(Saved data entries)
(* Let $d \ge 1$ and let $T^{(1)}$ be a one-layer Transformer as described in the context, with Lipschitz MLP $\psi:\mathbb{R}^d\to\mathbb{R}^d$ and attention scores satisfying the uniform bounded-difference condition with constant $\delta$. Fix $k \ge 0$, prefix vectors $\mathbf{v}_1,\dots,\mathbf{v}_k \in \mathbb{R}^d$ and a vector $\mathbf{v}\in\mathbb{R}^d$ (all taken from a finite vocabulary of token vectors). For $n \ge 1$ let $S_n = (\mathbf{v}_1,\dots,\mathbf{v}_k,\underbrace{\mathbf{v},\dots,\mathbf{v}}_{n \text{ times}})$, a sequence of length $n+k$, and let $S^* = (\mathbf{v})$ be the sequence of length one. Then $$\lim_{n\to\infty}\left\lVert T^{(1)}(S_n)_{n+k} - T^{(1)}(S^* )_1\right\rVert = 0.$$
   Context: Model. Tokens are represented by vectors in $\mathbb{R}^d$ drawn from a finite vocabulary. A (decoder, causally masked) Transformer layer $T^{(\ell)}$ maps an input sequence $S=(\mathbf{v}_1,\dots,\mathbf{v}_m)$ to the output sequence $T^{(\ell)}(S)=(\mathbf{v}'_1,\dots,\mathbf{v}'_m)$ given by $$\mathbf{z}_i = \sum_{j\le i}\alpha_{i,j}\mathbf{v}_j + \mathbf{v}_i,\qquad \mathbf{v}'_i = \psi(\mathbf{z}_i)+\mathbf{z}_i,$$ where $\psi:\mathbb{R}^d\to\mathbb{R}^d$ is an MLP assumed Lipschitz continuous, and the attention coefficients are $\alpha_{i,j} = \exp(s_{i,j})/\sum_{j'\le i}\exp(s_{i,j'})$ for $j\le i$, with scores $s_{i,j}$ computed from queries and keys of tokens $i$ and $j$ (possibly with a bounded positional encoding, such as RoPE, acting only on queries and keys). Standing assumption: there is a constant $\delta$, independent of the sequence and its length, such that $|s_{i,j}-s_{i,j'}|\le\delta$ for all $i$ and all $j,j'\le i$; consequently $\alpha_{i,j}\le e^{\delta}/i$. $T^{(\ell)}(S)_i$ denotes the $i$-th element of the output sequence, and $\lVert\cdot\rVert$ is the Euclidean norm. *)

theory Defs
  imports "HOL-Analysis.Analysis"
begin

text \<open>Sequences of tokens are lists; positions are 1-indexed, S i = S ! (i-1).
  The attention score at query position i and key position j is
  sc (token at i) (token at j) i j : it is computed from the two tokens
  (queries/keys) and may depend on the positions (positional encoding).\<close>

definition tok :: "'a list \<Rightarrow> nat \<Rightarrow> 'a" where
  "tok S i = S ! (i - 1)"

definition attn_coef ::
  "('a \<Rightarrow> 'a \<Rightarrow> nat \<Rightarrow> nat \<Rightarrow> real) \<Rightarrow> 'a list \<Rightarrow> nat \<Rightarrow> nat \<Rightarrow> real" where
  "attn_coef sc S i j =
     exp (sc (tok S i) (tok S j) i j) / (\<Sum>j'=1..i. exp (sc (tok S i) (tok S j') i j'))"

definition layer_out ::
  "(real^'d \<Rightarrow> real^'d) \<Rightarrow> (real^'d \<Rightarrow> real^'d \<Rightarrow> nat \<Rightarrow> nat \<Rightarrow> real)
    \<Rightarrow> (real^'d) list \<Rightarrow> nat \<Rightarrow> real^'d" where
  "layer_out psi sc S i =
     (let z = (\<Sum>j=1..i. attn_coef sc S i j *\<^sub>R tok S j) + tok S i in psi z + z)"

end

theory Submission
  imports Defs
begin

text \<open>Under the bounded score differences every attention weight at position \<open>m\<close> is at most
  \<open>e\<^sup>\<delta>/m\<close>. In \<open>S\<^sub>n\<close> all but the first \<open>k\<close> tokens equal \<open>v\<close>, so the attention average differs
  from \<open>v\<close> by at most \<open>e\<^sup>\<delta>/(n+k)\<close> times the fixed quantity \<open>\<Sum>\<^sub>j\<^sub>\<le>\<^sub>k \<parallel>v\<^sub>j - v\<parallel>\<close>. Hence the
  residual input \<open>z\<close> of the MLP tends to \<open>2v\<close>, which is exactly the input at the single position
  of \<open>S\<^sup>*\<close>, and the Lipschitz MLP transports this convergence to the output.\<close>

definition attn_sum ::
  "('a \<Rightarrow> 'a \<Rightarrow> nat \<Rightarrow> nat \<Rightarrow> real) \<Rightarrow> ('a::real_vector) list \<Rightarrow> nat \<Rightarrow> 'a" where
  "attn_sum sc S i = (\<Sum>j=1..i. attn_coef sc S i j *\<^sub>R tok S j)"

lemma layer_out_eq_attn_sum:
  "layer_out psi sc S i = psi (attn_sum sc S i + tok S i) + (attn_sum sc S i + tok S i)"
  by (simp add: layer_out_def attn_sum_def Let_def)

lemma layer_out_singleton: "layer_out psi sc [v] 1 = psi (v + v) + (v + v)"
  by (simp add: layer_out_def attn_coef_def tok_def Let_def)

lemma attn_coef_nonneg: "0 \<le> attn_coef sc S i j"
  unfolding attn_coef_def by (intro divide_nonneg_nonneg sum_nonneg) auto

lemma sum_attn_coef:
  assumes "1 \<le> i"
  shows "(\<Sum>j=1..i. attn_coef sc S i j) = 1"
proof -
  have "(\<Sum>j'=1..i. exp (sc (tok S i) (tok S j') i j')) > 0"
    using assms by (intro sum_pos) auto
  then show ?thesis
    by (simp add: attn_coef_def flip: sum_divide_distrib)
qed

lemma attn_coef_le:
  assumes j: "1 \<le> j" "j \<le> i"
    and score: "\<And>j'. 1 \<le> j' \<Longrightarrow> j' \<le> i \<Longrightarrow>
                  sc (tok S i) (tok S j) i j \<le> sc (tok S i) (tok S j') i j' + \<delta>"
  shows "attn_coef sc S i j \<le> exp \<delta> / real i"
proof -
  let ?e = "\<lambda>j. exp (sc (tok S i) (tok S j) i j)"
  have "real i * ?e j = (\<Sum>j'=1..i. ?e j)"
    by simp
  also have "\<dots> \<le> (\<Sum>j'=1..i. exp \<delta> * ?e j')"
  proof (rule sum_mono)
    fix j' assume "j' \<in> {1..i}"
    then have "sc (tok S i) (tok S j) i j \<le> \<delta> + sc (tok S i) (tok S j') i j'"
      using score by force
    then show "?e j \<le> exp \<delta> * ?e j'"
      by (simp flip: exp_add)
  qed
  finally have "real i * ?e j \<le> exp \<delta> * (\<Sum>j'=1..i. ?e j')"
    by (simp add: sum_distrib_left)
  moreover have "(\<Sum>j'=1..i. ?e j') > 0" "real i > 0"
    using j by (auto intro: sum_pos)
  ultimately show ?thesis
    by (simp add: attn_coef_def field_simps)
qed

lemma norm_convex_comb_diff_le:
  fixes x :: "'b \<Rightarrow> 'a::real_normed_vector"
  assumes "finite A" and "\<And>j. j \<in> A \<Longrightarrow> 0 \<le> a j" and "\<And>j. j \<in> A \<Longrightarrow> a j \<le> c"
    and "sum a A = 1"
  shows "norm ((\<Sum>j\<in>A. a j *\<^sub>R x j) - y) \<le> c * (\<Sum>j\<in>A. norm (x j - y))"
proof -
  have "(\<Sum>j\<in>A. a j *\<^sub>R x j) - y = (\<Sum>j\<in>A. a j *\<^sub>R (x j - y))"
    using assms(4) by (simp add: scaleR_diff_right sum_subtractf flip: scaleR_sum_left)
  also have "norm \<dots> \<le> (\<Sum>j\<in>A. norm (a j *\<^sub>R (x j - y)))"
    by (rule norm_sum)
  also have "\<dots> = (\<Sum>j\<in>A. a j * norm (x j - y))"
    using assms(2) by (intro sum.cong) auto
  also have "\<dots> \<le> (\<Sum>j\<in>A. c * norm (x j - y))"
    using assms(3) by (intro sum_mono mult_right_mono) auto
  finally show ?thesis
    by (simp add: sum_distrib_left)
qed

lemma tok_in_set: "1 \<le> j \<Longrightarrow> j \<le> length S \<Longrightarrow> tok S j \<in> set S"
  by (simp add: tok_def)

lemma tok_append_replicate_prefix:
  "1 \<le> j \<Longrightarrow> j \<le> length vs \<Longrightarrow> tok (vs @ replicate n v) j = vs ! (j - 1)"
  by (auto simp: tok_def nth_append)

lemma tok_append_replicate_suffix:
  "length vs < j \<Longrightarrow> j \<le> n + length vs \<Longrightarrow> tok (vs @ replicate n v) j = v"
  by (auto simp: tok_def nth_append)

lemma sum_norm_tok_append_replicate:
  "(\<Sum>j=1..n + length vs. norm (tok (vs @ replicate n v) j - v))
     = (\<Sum>j=1..length vs. norm (vs ! (j - 1) - v))"
proof -
  have "(\<Sum>j=1..n + length vs. norm (tok (vs @ replicate n v) j - v))
      = (\<Sum>j=1..length vs. norm (tok (vs @ replicate n v) j - v))"
    by (rule sum.mono_neutral_right) (auto simp: tok_append_replicate_suffix)
  also have "\<dots> = (\<Sum>j=1..length vs. norm (vs ! (j - 1) - v))"
    by (rule sum.cong) (auto simp: tok_append_replicate_prefix)
  finally show ?thesis .
qed

lemma norm_attn_sum_append_replicate_le:
  fixes v :: "'a::real_normed_vector"
  assumes sc: "\<And>x y y' i j j'. x \<in> V \<Longrightarrow> y \<in> V \<Longrightarrow> y' \<in> V \<Longrightarrow>
           1 \<le> j \<Longrightarrow> j \<le> i \<Longrightarrow> 1 \<le> j' \<Longrightarrow> j' \<le> i \<Longrightarrow>
           \<bar>sc x y i j - sc x y' i j'\<bar> \<le> \<delta>"
    and "set vs \<subseteq> V" and "v \<in> V" and "1 \<le> n"
  shows "norm (attn_sum sc (vs @ replicate n v) (n + length vs) - v)
           \<le> exp \<delta> / real (n + length vs) * (\<Sum>j=1..length vs. norm (vs ! (j - 1) - v))"
proof -
  define S where "S = vs @ replicate n v"
  define m where "m = n + length vs"
  have m: "1 \<le> m" "length S = m"
    using \<open>1 \<le> n\<close> by (auto simp: S_def m_def)
  have tokV: "tok S j \<in> V" if "1 \<le> j" "j \<le> m" for j
    using tok_in_set[of j S] that m assms(2,3) by (auto simp: S_def)
  have "attn_coef sc S m j \<le> exp \<delta> / real m" if "j \<in> {1..m}" for j
  proof (rule attn_coef_le)
    fix j' assume "1 \<le> j'" "j' \<le> m"
    moreover have "\<bar>sc (tok S m) (tok S j) m j - sc (tok S m) (tok S j') m j'\<bar> \<le> \<delta>"
      using calculation that m by (intro sc tokV) auto
    ultimately show "sc (tok S m) (tok S j) m j \<le> sc (tok S m) (tok S j') m j' + \<delta>"
      by linarith
  qed (use that in auto)
  then have "norm ((\<Sum>j=1..m. attn_coef sc S m j *\<^sub>R tok S j) - v)
      \<le> exp \<delta> / real m * (\<Sum>j=1..m. norm (tok S j - v))"
    using m by (intro norm_convex_comb_diff_le attn_coef_nonneg sum_attn_coef) auto
  then show ?thesis
    using sum_norm_tok_append_replicate[of vs n v] by (simp add: attn_sum_def S_def m_def)
qed

lemma norm_residual_lipschitz_diff_le:
  assumes "L-lipschitz_on UNIV psi"
  shows "norm ((psi z + z) - (psi w + w)) \<le> (L + 1) * norm (z - w)"
proof -
  have "norm ((psi z + z) - (psi w + w)) \<le> norm (psi z - psi w) + norm (z - w)"
    by (metis add_diff_add norm_triangle_ineq)
  also have "norm (psi z - psi w) \<le> L * norm (z - w)"
    using lipschitz_onD[OF assms, of z w] by (simp add: dist_norm)
  finally show ?thesis
    by (simp add: algebra_simps)
qed

lemma norm_layer_out_append_replicate_diff_le:
  assumes L: "L-lipschitz_on UNIV psi"
    and sc: "\<And>x y y' i j j'. x \<in> V \<Longrightarrow> y \<in> V \<Longrightarrow> y' \<in> V \<Longrightarrow>
           1 \<le> j \<Longrightarrow> j \<le> i \<Longrightarrow> 1 \<le> j' \<Longrightarrow> j' \<le> i \<Longrightarrow>
           \<bar>sc x y i j - sc x y' i j'\<bar> \<le> \<delta>"
    and "set vs \<subseteq> V" and "v \<in> V" and "1 \<le> n"
  shows "norm (layer_out psi sc (vs @ replicate n v) (n + length vs) - layer_out psi sc [v] 1)
           \<le> (L + 1) * (exp \<delta> / real (n + length vs) * (\<Sum>j=1..length vs. norm (vs ! (j - 1) - v)))"
proof -
  let ?a = "attn_sum sc (vs @ replicate n v) (n + length vs)"
  have "tok (vs @ replicate n v) (n + length vs) = v"
    using \<open>1 \<le> n\<close> by (simp add: tok_append_replicate_suffix)
  then have "layer_out psi sc (vs @ replicate n v) (n + length vs) = psi (?a + v) + (?a + v)"
    by (simp add: layer_out_eq_attn_sum)
  then have "norm (layer_out psi sc (vs @ replicate n v) (n + length vs) - layer_out psi sc [v] 1)
      \<le> (L + 1) * norm ((?a + v) - (v + v))"
    using norm_residual_lipschitz_diff_le[OF L] by (simp only: layer_out_singleton)
  also have "\<dots> = (L + 1) * norm (?a - v)"
    by (simp only: add_diff_add diff_self add_0_right)
  also have "\<dots> \<le> (L + 1) * (exp \<delta> / real (n + length vs) * (\<Sum>j=1..length vs. norm (vs ! (j - 1) - v)))"
    using norm_attn_sum_append_replicate_le[OF sc assms(3-5)] lipschitz_on_nonneg[OF L]
    by (intro mult_left_mono) auto
  finally show ?thesis .
qed

theorem lemma1:
  fixes psi :: "real^'d \<Rightarrow> real^'d"
    and sc :: "real^'d \<Rightarrow> real^'d \<Rightarrow> nat \<Rightarrow> nat \<Rightarrow> real"
    and V :: "(real^'d) set"
    and \<delta> :: real
    and vs :: "(real^'d) list"
    and v :: "real^'d"
  assumes "finite V"
    and "\<exists>L. L-lipschitz_on UNIV psi"
    and "\<And>x y y' i j j'. x \<in> V \<Longrightarrow> y \<in> V \<Longrightarrow> y' \<in> V \<Longrightarrow>
           1 \<le> j \<Longrightarrow> j \<le> i \<Longrightarrow> 1 \<le> j' \<Longrightarrow> j' \<le> i \<Longrightarrow>
           \<bar>sc x y i j - sc x y' i j'\<bar> \<le> \<delta>"
    and "set vs \<subseteq> V"
    and "v \<in> V"
  shows "(\<lambda>n. norm (layer_out psi sc (vs @ replicate n v) (n + length vs)
                    - layer_out psi sc [v] 1)) \<longlonglongrightarrow> 0"
proof -
  obtain L where L: "L-lipschitz_on UNIV psi"
    using assms(2) by blast
  define C where "C = (\<Sum>j=1..length vs. norm (vs ! (j - 1) - v))"
  have "(\<lambda>n. 1 / real (n + length vs)) \<longlonglongrightarrow> 0"
    using LIMSEQ_ignore_initial_segment[OF lim_1_over_n, of "length vs"] by simp
  from tendsto_mult_left_zero[OF this, of "exp \<delta>"]
  have lim: "(\<lambda>n. (L + 1) * (exp \<delta> / real (n + length vs) * C)) \<longlonglongrightarrow> 0"
    by (intro tendsto_mult_left_zero tendsto_mult_right_zero) simp
  show ?thesis
    using norm_layer_out_append_replicate_diff_le[OF L assms(3-5)] unfolding C_def [symmetric]
    by (intro Lim_null_comparison[OF _ lim] eventually_sequentiallyI[of 1]) simp
qed

end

Try it: Your answer should be each line from the entries that includes the string "this".

Expected answer:
  of \<open>S\<^sup>*\<close>, and the Lipschitz MLP transports this convergence to the output.\<close>
  from tendsto_mult_left_zero[OF this, of "exp \<delta>"]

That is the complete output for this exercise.